lemma similar_upper_triangular:
  fixes D :: "'a::conjugatable_ordered_field mat"
  assumes D: "D \<in> carrier_mat N N" and char_poly: "char_poly D = (\<Prod>a\<leftarrow>es. [:- a, 1:])"
  obtains T P Q where "T \<in> carrier_mat N N" "P \<in> carrier_mat N N" "Q \<in> carrier_mat N N"
    "P * Q = 1\<^sub>m N" "Q * D = T * Q" "upper_triangular T" "diag_mat T = es"
proof -
  obtain T P Q where "schur_decomposition D es = (T, P, Q)"
    by (cases "schur_decomposition D es") auto
  from schur_decomposition[OF D char_poly this]
  have sim: "similar_mat_wit D T P Q" and "upper_triangular T" "diag_mat T = es" by auto
  from sim D have T: "T \<in> carrier_mat N N" and P: "P \<in> carrier_mat N N" and Q: "Q \<in> carrier_mat N N"
    and "P * Q = 1\<^sub>m N" "Q * P = 1\<^sub>m N" "D = P * T * Q"
    unfolding similar_mat_wit_def Let_def by auto
  moreover have "Q * D = T * Q"
  proof -
    have "Q * (P * T * Q) = (Q * P) * T * Q"
      using T P Q by (simp add: assoc_mult_mat[of _ N N _ N _ N])
    then show ?thesis using \<open>D = P * T * Q\<close> \<open>Q * P = 1\<^sub>m N\<close> T Q by simp
  qed
  ultimately show ?thesis using that \<open>upper_triangular T\<close> \<open>diag_mat T = es\<close> by blast
qed

lemma sum_mult_of_real_sum:
  fixes c :: "'i \<Rightarrow> 'a::real_field"
  shows "(\<Sum>i\<in>I. c i * of_real (\<Sum>t\<in>J. a t * g i t))
    = (\<Sum>t\<in>J. of_real (a t) * (\<Sum>i\<in>I. c i * of_real (g i t)))"
  unfolding of_real_sum of_real_mult sum_distrib_left by (subst sum.swap) (simp add: mult_ac)

locale stochastic_triangularization =
  fixes N :: nat and D :: "real mat" and T P Q :: "complex mat"
  assumes D: "D \<in> carrier_mat N N" and row_sum: "\<And>i. i < N \<Longrightarrow> (\<Sum>j<N. D $$ (i, j)) = 1"
    and T: "T \<in> carrier_mat N N" and P: "P \<in> carrier_mat N N" and Q: "Q \<in> carrier_mat N N"
    and PQ: "P * Q = 1\<^sub>m N" and QD: "Q * cmat D = T * Q"
    and upper: "upper_triangular T"
    and diag_ne_1: "\<And>m. 0 < m \<Longrightarrow> m < N \<Longrightarrow> T $$ (m, m) \<noteq> 1"
begin

lemma QD_entry:
  assumes "m < N" "j < N"
  shows "(\<Sum>i<N. Q $$ (m, i) * of_real (D $$ (i, j))) = (\<Sum>l<N. T $$ (m, l) * Q $$ (l, j))"
  using arg_cong[OF QD, of "\<lambda>X. X $$ (m, j)"] assms Q T D
  by (simp add: scalar_prod_def atLeast0LessThan)

lemma PQ_entry:
  assumes "i < N" "j < N"
  shows "(\<Sum>l<N. P $$ (i, l) * Q $$ (l, j)) = (if i = j then 1 else 0)"
  using arg_cong[OF PQ, of "\<lambda>X. X $$ (i, j)"] assms P Q
  by (simp add: scalar_prod_def atLeast0LessThan)

lemma T_below_diag: "l < m \<Longrightarrow> m < N \<Longrightarrow> T $$ (m, l) = 0"
  using upper T by (auto intro: upper_triangularD)

lemma T_row_sum_split:
  assumes "m < N"
  shows "(\<Sum>l<N. T $$ (m, l) * f l) = T $$ (m, m) * f m + (\<Sum>l\<in>{m<..<N}. T $$ (m, l) * f l)"
proof -
  have split: "{..<N} = {..<m} \<union> ({m} \<union> {m<..<N})" using assms by auto
  have "(\<Sum>l<N. T $$ (m, l) * f l)
      = (\<Sum>l<m. T $$ (m, l) * f l) + (T $$ (m, m) * f m + (\<Sum>l\<in>{m<..<N}. T $$ (m, l) * f l))"
    unfolding split by (subst sum.union_disjoint, auto)+
  then show ?thesis using T_below_diag assms by simp
qed

text \<open>The vector Q 1 is fixed by T, because D 1 = 1; as 1 is a simple diagonal entry of the
  triangular matrix T, this forces Q 1 to be supported on the first coordinate.\<close>

lemma Q_row_sum_zero:
  assumes "0 < m" "m < N"
  shows "(\<Sum>j<N. Q $$ (m, j)) = 0"
  using assms
proof (induction "N - m" arbitrary: m rule: less_induct)
  case less
  define w where "w l = (\<Sum>j<N. Q $$ (l, j))" for l
  have "(\<Sum>l<N. T $$ (m, l) * w l) = (\<Sum>j<N. \<Sum>l<N. T $$ (m, l) * Q $$ (l, j))"
    unfolding w_def sum_distrib_left by (rule sum.swap)
  also have "\<dots> = (\<Sum>j<N. \<Sum>i<N. Q $$ (m, i) * of_real (D $$ (i, j)))"
    using QD_entry[OF less.prems(2)] by simp
  also have "\<dots> = (\<Sum>i<N. Q $$ (m, i) * of_real (\<Sum>j<N. D $$ (i, j)))"
    by (subst sum.swap) (simp add: sum_distrib_left)
  also have "\<dots> = w m"
    unfolding w_def using row_sum by simp
  moreover have "(\<Sum>l\<in>{m<..<N}. T $$ (m, l) * w l) = 0"
    using less by (intro sum.neutral) (auto simp: w_def)
  ultimately have "T $$ (m, m) * w m = w m"
    using T_row_sum_split[OF less.prems(2), of w] by simp
  then have "(T $$ (m, m) - 1) * w m = 0" by (simp add: algebra_simps)
  then show ?case using diag_ne_1[OF less.prems] by (simp add: w_def)
qed

lemma P_first_column_const:
  assumes "i < N" "j < N"
  shows "P $$ (i, 0) = P $$ (j, 0)"
proof -
  have "P $$ (i, 0) * (\<Sum>l<N. Q $$ (0, l)) = 1" if "i < N" for i
  proof -
    have "(\<Sum>m<N. P $$ (i, m) * (\<Sum>l<N. Q $$ (m, l))) = (\<Sum>l<N. \<Sum>m<N. P $$ (i, m) * Q $$ (m, l))"
      unfolding sum_distrib_left by (rule sum.swap)
    also have "\<dots> = 1"
      using PQ_entry[OF that] that by simp
    finally have "(\<Sum>m<N. P $$ (i, m) * (\<Sum>l<N. Q $$ (m, l))) = 1" .
    moreover have "(\<Sum>m<N. P $$ (i, m) * (\<Sum>l<N. Q $$ (m, l)))
        = P $$ (i, 0) * (\<Sum>l<N. Q $$ (0, l)) + (\<Sum>m\<in>{..<N} - {0}. P $$ (i, m) * (\<Sum>l<N. Q $$ (m, l)))"
      using that by (subst sum.remove[of _ 0]) auto
    moreover have "(\<Sum>m\<in>{..<N} - {0}. P $$ (i, m) * (\<Sum>l<N. Q $$ (m, l))) = 0"
      using Q_row_sum_zero by (intro sum.neutral) auto
    ultimately show ?thesis by simp
  qed
  from this[OF assms(1)] this[OF assms(2)] show ?thesis
    by (metis mult_cancel_right mult_zero_left zero_neq_one)
qed

lemma modal_laplacian:
  fixes g :: "nat \<Rightarrow> real"
  assumes m: "m < N"
  shows "(\<Sum>i<N. Q $$ (m, i) * of_real (\<Sum>j<N. D $$ (i, j) * (g i - g j)))
    = (1 - T $$ (m, m)) * (\<Sum>i<N. Q $$ (m, i) * of_real (g i))
      - (\<Sum>l\<in>{m<..<N}. T $$ (m, l) * (\<Sum>i<N. Q $$ (l, i) * of_real (g i)))"
proof -
  define F where "F l = (\<Sum>i<N. Q $$ (l, i) * of_real (g i))" for l
  have "(\<Sum>j<N. D $$ (i, j) * (g i - g j)) = g i - (\<Sum>j<N. D $$ (i, j) * g j)" if "i < N" for i
    using row_sum[OF that] by (simp add: right_diff_distrib sum_subtractf flip: sum_distrib_right)
  then have "(\<Sum>i<N. Q $$ (m, i) * of_real (\<Sum>j<N. D $$ (i, j) * (g i - g j)))
      = F m - (\<Sum>i<N. \<Sum>j<N. Q $$ (m, i) * of_real (D $$ (i, j)) * of_real (g j))"
    unfolding F_def by (simp add: right_diff_distrib sum_subtractf sum_distrib_left mult.assoc)
  also have "(\<Sum>i<N. \<Sum>j<N. Q $$ (m, i) * of_real (D $$ (i, j)) * of_real (g j))
      = (\<Sum>j<N. (\<Sum>i<N. Q $$ (m, i) * of_real (D $$ (i, j))) * of_real (g j))"
    by (subst sum.swap) (simp add: sum_distrib_right)
  also have "\<dots> = (\<Sum>j<N. \<Sum>l<N. T $$ (m, l) * Q $$ (l, j) * of_real (g j))"
    using QD_entry[OF m] by (simp add: sum_distrib_right)
  also have "\<dots> = (\<Sum>l<N. T $$ (m, l) * F l)"
    unfolding F_def sum_distrib_left by (subst sum.swap) (simp add: mult.assoc)
  finally show ?thesis
    unfolding T_row_sum_split[OF m] F_def by (simp add: algebra_simps)
qed

end

lemma stochastic_triangularization_exists:
  assumes D: "row_stochastic N D"
    and char_poly: "char_poly (cmat D) = [:-1, 1:] * (\<Prod>z\<leftarrow>lams. [:-z, 1:])"
    and lams: "\<forall>z\<in>set lams. cmod z < 1"
  obtains T P Q where "stochastic_triangularization N D T P Q"
    and "\<And>m. 0 < m \<Longrightarrow> m < N \<Longrightarrow> T $$ (m, m) \<in> set lams"
proof -
  have DN: "D \<in> carrier_mat N N" using D by (simp add: row_stochastic_def)
  obtain T P Q where T: "T \<in> carrier_mat N N" and tri: "P \<in> carrier_mat N N" "Q \<in> carrier_mat N N"
      "P * Q = 1\<^sub>m N" "Q * cmat D = T * Q" "upper_triangular T" and diag: "diag_mat T = 1 # lams"
    using similar_upper_triangular[of "cmat D" N "1 # lams"] DN char_poly by auto
  have T_diag: "T $$ (m, m) \<in> set lams" if "0 < m" "m < N" for m
  proof -
    have "T $$ (m, m) = (1 # lams) ! m" and "length (1 # lams) = N"
      using arg_cong[OF diag, of "\<lambda>xs. xs ! m"] arg_cong[OF diag, of length] T that
      by (auto simp: diag_mat_def)
    then show ?thesis using that by (cases m) auto
  qed
  have "stochastic_triangularization N D T P Q"
  proof unfold_locales
    show "T $$ (m, m) \<noteq> 1" if "0 < m" "m < N" for m
      using lams T_diag[OF that] by auto
  qed (use D T tri in \<open>auto simp: row_stochastic_def\<close>)
  then show ?thesis using T_diag by (rule that)
qed

locale consensus_error = stochastic_triangularization +
  fixes n :: nat and A LC :: "real mat" and e :: "nat \<Rightarrow> nat \<Rightarrow> nat \<Rightarrow> real"
  assumes A: "A \<in> carrier_mat n n" and LC: "LC \<in> carrier_mat n n"
    and error_step: "\<And>i k s. i < N \<Longrightarrow> s < n \<Longrightarrow> e i (Suc k) s =
      (\<Sum>t<n. A $$ (s, t) * e i k t) + (\<Sum>t<n. LC $$ (s, t) * (\<Sum>j<N. D $$ (i, j) * (e i k t - e j k t)))"
    and modes_stable: "\<And>m. 0 < m \<Longrightarrow> m < N \<Longrightarrow>
      schur_stable (cmat A + (1 - T $$ (m, m)) \<cdot>\<^sub>m cmat LC)"
begin

text \<open>e i k s is component s of the error of agent i at time k.\<close>

definition modal_error :: "nat \<Rightarrow> nat \<Rightarrow> complex vec" where
  "modal_error m k = vec n (\<lambda>s. \<Sum>i<N. Q $$ (m, i) * of_real (e i k s))"

lemma modal_error_carrier [simp]: "modal_error m k \<in> carrier_vec n"
  by (simp add: modal_error_def)
text \<open>
  For \<open>r > 0\<close> the sublevel set \<open>{y. \<parallel>x - y\<parallel>\<^sub>K \<le> r}\<close> is the translate \<open>x - r K\<close>, of volume
  \<open>r\<^sup>n |K|\<close>. By Fubini, the pairs with \<open>c \<parallel>x - y\<parallel>\<^sub>K\<^bsup>n/p\<^esup> \<le> |f x|\<close> therefore have measure
  \<open>c\<^sup>-\<^sup>p |K| \<integral> |f|\<^sup>p\<close>, and likewise with \<open>|f y|\<close>. By the triangle inequality the level set
  \<open>E\<^sub>t = {|f x - f y| \<ge> t \<parallel>x - y\<parallel>\<^sub>K\<^bsup>n/p\<^esup>}\<close> is covered by two such sets with \<open>c = t/2\<close>, which
  gives the upper bound \<open>2\<^bsup>p+1\<^esup> |K| \<integral> |f|\<^sup>p\<close>. For the limit, \<open>E\<^sub>t\<close> is squeezed between the sets
  with \<open>c = (1 \<plusminus> \<delta>) t\<close> up to the set \<open>D\<close> where both \<open>|f x|\<close> and \<open>|f y|\<close> exceed
  \<open>\<delta> t \<parallel>x - y\<parallel>\<^sub>K\<^bsup>n/p\<^esup>\<close>. Splitting \<open>D\<close> according to whether \<open>|f|\<^sup>p < s\<close> gives
  \<open>t\<^sup>p |D| \<le> 2 \<delta>\<^sup>-\<^sup>p |K| \<integral>\<^bsub>|f|\<^sup>p<s\<^esub> |f|\<^sup>p + t\<^sup>p |{|f|\<^sup>p \<ge> s}|\<^sup>2\<close>, which is small for small \<open>s\<close>
  and then small \<open>t\<close>. The lower bound follows from the limit. Throughout, \<open>f\<close> is replaced by a
  Borel representative, whose level sets differ from those of \<open>f\<close> by a null set of the product.
\<close>

lemma powr_le_iff_le_powr_inverse:
  fixes a b q :: real
  assumes "0 < q" "0 \<le> a" "0 \<le> b"
  shows "a powr q \<le> b \<longleftrightarrow> a \<le> b powr (1 / q)"
proof -
  have "a powr q \<le> b \<longleftrightarrow> a powr q \<le> (b powr (1 / q)) powr q"
    using assms by (simp add: powr_powr)
  also have "\<dots> \<longleftrightarrow> a \<le> b powr (1 / q)"
  proof
    show "a \<le> b powr (1 / q)" if "a powr q \<le> (b powr (1 / q)) powr q"
      using that powr_less_mono2[of q "b powr (1 / q)" a] assms by (force simp: not_le[symmetric])
    show "a powr q \<le> (b powr (1 / q)) powr q" if "a \<le> b powr (1 / q)"
      using that powr_mono2[of q a "b powr (1 / q)"] assms by simp
  qed
  finally show ?thesis .
qed
(* Let $(X,T)$ be a minimal topological dynamical system with $T$ a homeomorphism. If there are $x\ne y$ in $X$ such that $(x,y)$ is proximal for $T^{-1}$ and $\inf_{n\in\mathbb{Z}_+}d(T^nx,T^ny)>0$, then $(X,T)$ is strongly $\mathcal{F}_t$-sensitive.
   Context: A topological dynamical system: compact metric space $(X,d)$ with continuous surjection $T$; minimal means every orbit is dense. $(x,y)$ is proximal for $T^{-1}$ if $\inf_{n\ge0}d(T^{-n}x,T^{-n}y)=0$. $(X,T)$ is strongly $\mathcal{F}_t$-sensitive if there is $\delta>0$ such that for each nonempty open $U$ there are $x,y\in U$ with $\{n\in\mathbb{Z}_+:d(T^nx,T^ny)>\delta\}$ thick (containing arbitrarily long blocks of consecutive integers). *)

theory Defs
  imports "HOL-Analysis.Analysis"
begin

definition tds :: "'a::metric_space set \<Rightarrow> ('a \<Rightarrow> 'a) \<Rightarrow> bool" where
  "tds X T \<longleftrightarrow> X \<noteq> {} \<and> compact X \<and> continuous_on X T \<and> T ` X = X"

definition minimal_tds :: "'a::metric_space set \<Rightarrow> ('a \<Rightarrow> 'a) \<Rightarrow> bool" where
  "minimal_tds X T \<longleftrightarrow> tds X T \<and>
     (\<forall>x\<in>X. closure {(T ^^ n) x | n. True} \<supseteq> X)"

definition thick :: "nat set \<Rightarrow> bool" where
  "thick S \<longleftrightarrow> (\<forall>L. \<exists>m. {m..m+L} \<subseteq> S)"

definition strongly_Ft_sensitive :: "'a::metric_space set \<Rightarrow> ('a \<Rightarrow> 'a) \<Rightarrow> bool" where
  "strongly_Ft_sensitive X T \<longleftrightarrow>
     (\<exists>\<delta>>0. \<forall>U. openin (top_of_set X) U \<and> U \<noteq> {} \<longrightarrow>
        (\<exists>x\<in>U. \<exists>y\<in>U. thick {n. dist ((T ^^ n) x) ((T ^^ n) y) > \<delta>}))"

definition proximal_for :: "('a::metric_space \<Rightarrow> 'a) \<Rightarrow> 'a \<Rightarrow> 'a \<Rightarrow> bool" where
  "proximal_for S x y \<longleftrightarrow> (INF n::nat. dist ((S ^^ n) x) ((S ^^ n) y)) = 0"

end

theory Submission
  imports Defs
begin

text \<open>Minimality makes the sets \<open>T\<^sup>-\<^sup>j U\<close> an open cover of the compact space \<open>X\<close>; let \<open>e\<close> be a
  Lebesgue number of this cover. Proximality for \<open>T\<^sup>-\<^sup>1\<close> yields \<open>n\<close> with
  \<open>d(T\<^sup>-\<^sup>n x, T\<^sup>-\<^sup>n y) < e\<close>, so for some \<open>j\<close> both \<open>u = T\<^sup>j T\<^sup>-\<^sup>n x\<close> and \<open>v = T\<^sup>j T\<^sup>-\<^sup>n y\<close> lie in \<open>U\<close>.
  For every \<open>k \<ge> n\<close> the pair \<open>T\<^sup>k u, T\<^sup>k v\<close> is the pair \<open>T\<^sup>k\<^sup>+\<^sup>j\<^sup>-\<^sup>n x, T\<^sup>k\<^sup>+\<^sup>j\<^sup>-\<^sup>n y\<close>, whose distance
  is at least \<open>inf\<^sub>m d(T\<^sup>m x, T\<^sup>m y) > 0\<close>; so \<open>u\<close> and \<open>v\<close> separate on a whole tail of times.\<close>

lemma funpow_in_invariant_set:
  assumes "f ` X \<subseteq> X" "w \<in> X"
  shows "(f ^^ n) w \<in> X"
  using assms by (induction n) auto

lemma continuous_on_funpow:
  assumes "continuous_on X f" "f ` X \<subseteq> X"
  shows "continuous_on X (f ^^ n)"
proof (induction n)
  case 0
  then show ?case by (simp add: continuous_on_id)
next
  case (Suc n)
  have "(f ^^ n) ` X \<subseteq> X"
    using funpow_in_invariant_set[OF assms(2)] by blast
  then have "continuous_on X (f \<circ> (f ^^ n))"
    using Suc assms(1) by (intro continuous_on_compose) (auto intro: continuous_on_subset)
  then show ?case by simp
qed

lemma funpow_the_inv_into_in:
  assumes "T ` X = X" "inj_on T X" "w \<in> X"
  shows "(the_inv_into X T ^^ n) w \<in> X"
proof (rule funpow_in_invariant_set[OF _ assms(3)])
  show "the_inv_into X T ` X \<subseteq> X"
    using the_inv_into_into[OF assms(2), of _ X] assms(1) by auto
qed

lemma funpow_f_funpow_the_inv_into:
  assumes "T ` X = X" "inj_on T X" "w \<in> X"
  shows "(T ^^ n) ((the_inv_into X T ^^ n) w) = w"
proof (induction n)
  case 0
  then show ?case by simp
next
  case (Suc n)
  have "(the_inv_into X T ^^ n) w \<in> T ` X"
    using funpow_the_inv_into_in[OF assms] assms(1) by simp
  then have "T (the_inv_into X T ((the_inv_into X T ^^ n) w)) = (the_inv_into X T ^^ n) w"
    using f_the_inv_into_f[OF assms(2)] by blast
  then have "(T ^^ n) (T (the_inv_into X T ((the_inv_into X T ^^ n) w))) = w"
    using Suc by simp
  then show ?case
    by (simp only: funpow_Suc_right[where f = T] funpow.simps(2)[where f = "the_inv_into X T"] comp_apply)
qed

lemma funpow_funpow_the_inv_into:
  assumes "T ` X = X" "inj_on T X" "w \<in> X" "n \<le> k"
  shows "(T ^^ k) ((the_inv_into X T ^^ n) w) = (T ^^ (k - n)) w"
proof -
  have "(T ^^ k) ((the_inv_into X T ^^ n) w)
      = (T ^^ (k - n)) ((T ^^ n) ((the_inv_into X T ^^ n) w))"
    using assms(4) by (metis le_add_diff_inverse2 funpow_add comp_apply)
  then show ?thesis
    using funpow_f_funpow_the_inv_into[OF assms(1-3)] by simp
qed

lemma thick_if_atLeast_subset:
  assumes "{n..} \<subseteq> S"
  shows "thick S"
  unfolding thick_def by (intro allI exI[of _ n]) (use assms in auto)

lemma proximal_forD:
  assumes "proximal_for S x y" "e > 0"
  obtains n where "dist ((S ^^ n) x) ((S ^^ n) y) < e"
proof -
  have "(INF n. dist ((S ^^ n) x) ((S ^^ n) y)) < e"
    using assms unfolding proximal_for_def by simp
  then show ?thesis
    using that by (subst (asm) cINF_less_iff) (auto intro: bdd_belowI[of _ 0])
qed

lemma minimal_tds_orbit_meets_open:
  assumes "minimal_tds X T" "openin (top_of_set X) U" "U \<noteq> {}" "q \<in> X"
  obtains j where "(T ^^ j) q \<in> U"
proof -
  obtain V where V: "open V" "U = X \<inter> V"
    using assms(2) unfolding openin_open by blast
  obtain z where z: "z \<in> U"
    using assms(3) by blast
  have "z \<in> closure {(T ^^ n) q | n. True}"
    using assms(1,4) z V(2) unfolding minimal_tds_def by blast
  then have "V \<inter> {(T ^^ n) q | n. True} \<noteq> {}"
    using open_Int_closure_eq_empty[OF V(1)] z V(2) by blast
  then obtain j where "(T ^^ j) q \<in> V"
    by blast
  moreover have "T ` X \<subseteq> X"
    using assms(1) unfolding minimal_tds_def tds_def by blast
  then have "(T ^^ j) q \<in> X"
    using assms(4) by (rule funpow_in_invariant_set)
  ultimately show ?thesis
    using that V(2) by blast
qed

lemma minimal_tds_uniform_common_return:
  assumes "minimal_tds X T" "openin (top_of_set X) U" "U \<noteq> {}"
  obtains e where "e > 0"
    "\<And>a b. a \<in> X \<Longrightarrow> b \<in> X \<Longrightarrow> dist a b < e \<Longrightarrow> \<exists>j. (T ^^ j) a \<in> U \<and> (T ^^ j) b \<in> U"
proof -
  have tds: "compact X" "continuous_on X T" "T ` X = X"
    using assms(1) unfolding minimal_tds_def tds_def by auto
  have "openin (top_of_set X) (X \<inter> (T ^^ j) -` U)" for j
    using tds(2,3) assms(2)
    by (intro continuous_openin_preimage continuous_on_funpow) (auto intro: funpow_in_invariant_set)
  then obtain W where W: "\<And>j. open (W j)" "\<And>j. X \<inter> (T ^^ j) -` U = X \<inter> W j"
    unfolding openin_open by metis
  have "X \<subseteq> \<Union> (range W)"
  proof
    fix q assume "q \<in> X"
    then obtain j where "(T ^^ j) q \<in> U"
      using minimal_tds_orbit_meets_open[OF assms] by blast
    then show "q \<in> \<Union> (range W)"
      using W(2)[of j] \<open>q \<in> X\<close> by blast
  qed
  then obtain e where e: "e > 0" "\<And>a. a \<in> X \<Longrightarrow> \<exists>G \<in> range W. ball a e \<subseteq> G"
    using Heine_Borel_lemma[OF tds(1)] W(1) by blast
  show ?thesis
  proof (rule that[OF e(1)])
    fix a b assume ab: "a \<in> X" "b \<in> X" "dist a b < e"
    then obtain j where "ball a e \<subseteq> W j"
      using e(2) by blast
    then have "a \<in> X \<inter> W j" "b \<in> X \<inter> W j"
      using ab e(1) by auto
    then show "\<exists>j. (T ^^ j) a \<in> U \<and> (T ^^ j) b \<in> U"
      using W(2)[of j] by blast
  qed
qed

lemma minimal_tds_open_contains_pair_separated_on_tail:
  assumes "minimal_tds X T" "inj_on T X" "x \<in> X" "y \<in> X"
    and "proximal_for (the_inv_into X T) x y"
    and "\<And>m. d \<le> dist ((T ^^ m) x) ((T ^^ m) y)"
    and "openin (top_of_set X) U" "U \<noteq> {}"
  obtains u v n where "u \<in> U" "v \<in> U" "\<And>k. n \<le> k \<Longrightarrow> d \<le> dist ((T ^^ k) u) ((T ^^ k) v)"
proof -
  define S where "S = the_inv_into X T"
  have surj: "T ` X = X"
    using assms(1) unfolding minimal_tds_def tds_def by auto
  obtain e where e: "e > 0"
    "\<And>a b. a \<in> X \<Longrightarrow> b \<in> X \<Longrightarrow> dist a b < e \<Longrightarrow> \<exists>j. (T ^^ j) a \<in> U \<and> (T ^^ j) b \<in> U"
    using minimal_tds_uniform_common_return[OF assms(1,7,8)] by blast
  obtain n where "dist ((S ^^ n) x) ((S ^^ n) y) < e"
    using proximal_forD[OF assms(5) e(1)] unfolding S_def by blast
  then obtain j where j: "(T ^^ j) ((S ^^ n) x) \<in> U" "(T ^^ j) ((S ^^ n) y) \<in> U"
    using e(2) funpow_the_inv_into_in[OF surj assms(2)] assms(3,4) unfolding S_def by blast
  have shift: "(T ^^ k) ((T ^^ j) ((S ^^ n) w)) = (T ^^ (k + j - n)) w" if "w \<in> X" "n \<le> k" for w k
    using funpow_funpow_the_inv_into[OF surj assms(2) that(1), of n "k + j"] that(2)
    unfolding S_def by (simp add: funpow_add)
  show ?thesis
  proof (rule that[OF j])
    fix k assume "n \<le> k"
    then show "d \<le> dist ((T ^^ k) ((T ^^ j) ((S ^^ n) x))) ((T ^^ k) ((T ^^ j) ((S ^^ n) y)))"
      using shift assms(3,4,6) by simp
  qed
qed

theorem proposition5p12:
  fixes X :: "'a::metric_space set" and T :: "'a \<Rightarrow> 'a"
  assumes "minimal_tds X T"
    and "inj_on T X"
    and "continuous_on X (the_inv_into X T)"
    and "x \<in> X" and "y \<in> X" and "x \<noteq> y"
    and "proximal_for (the_inv_into X T) x y"
    and "(INF n::nat. dist ((T ^^ n) x) ((T ^^ n) y)) > 0"
  shows "strongly_Ft_sensitive X T"
proof -
  define d where "d = (INF n::nat. dist ((T ^^ n) x) ((T ^^ n) y))"
  have d_le: "d \<le> dist ((T ^^ m) x) ((T ^^ m) y)" for m
    unfolding d_def by (rule cINF_lower) (auto intro: bdd_belowI[of _ 0])
  have "\<exists>u\<in>U. \<exists>v\<in>U. thick {k. d / 2 < dist ((T ^^ k) u) ((T ^^ k) v)}"
    if U: "openin (top_of_set X) U" "U \<noteq> {}" for U
  proof -
    obtain u v n where uv: "u \<in> U" "v \<in> U" "\<And>k. n \<le> k \<Longrightarrow> d \<le> dist ((T ^^ k) u) ((T ^^ k) v)"
      using minimal_tds_open_contains_pair_separated_on_tail[OF assms(1,2,4,5,7) d_le U] by blast
    then have "{n..} \<subseteq> {k. d / 2 < dist ((T ^^ k) u) ((T ^^ k) v)}"
      using assms(8) unfolding d_def by fastforce
    then show ?thesis
      using uv(1,2) thick_if_atLeast_subset by blast
  qed
  moreover have "d / 2 > 0"
    using assms(8) unfolding d_def by simp
  ultimately show ?thesis
    unfolding strongly_Ft_sensitive_def by blast
qed

end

** WORK INSTRUCTION **
After locating the line with "1:] * (\<Prod>z\<leftarrow>lams." above, return that line and every later line through the one with "proof unfold_locales", word for word and with nothing else.

** ANSWER SECTION **
    and char_poly: "char_poly (cmat D) = [:-1, 1:] * (\<Prod>z\<leftarrow>lams. [:-z, 1:])"
    and lams: "\<forall>z\<in>set lams. cmod z < 1"
  obtains T P Q where "stochastic_triangularization N D T P Q"
    and "\<And>m. 0 < m \<Longrightarrow> m < N \<Longrightarrow> T $$ (m, m) \<in> set lams"
proof -
  have DN: "D \<in> carrier_mat N N" using D by (simp add: row_stochastic_def)
  obtain T P Q where T: "T \<in> carrier_mat N N" and tri: "P \<in> carrier_mat N N" "Q \<in> carrier_mat N N"
      "P * Q = 1\<^sub>m N" "Q * cmat D = T * Q" "upper_triangular T" and diag: "diag_mat T = 1 # lams"
    using similar_upper_triangular[of "cmat D" N "1 # lams"] DN char_poly by auto
  have T_diag: "T $$ (m, m) \<in> set lams" if "0 < m" "m < N" for m
  proof -
    have "T $$ (m, m) = (1 # lams) ! m" and "length (1 # lams) = N"
      using arg_cong[OF diag, of "\<lambda>xs. xs ! m"] arg_cong[OF diag, of length] T that
      by (auto simp: diag_mat_def)
    then show ?thesis using that by (cases m) auto
  qed
  have "stochastic_triangularization N D T P Q"
  proof unfold_locales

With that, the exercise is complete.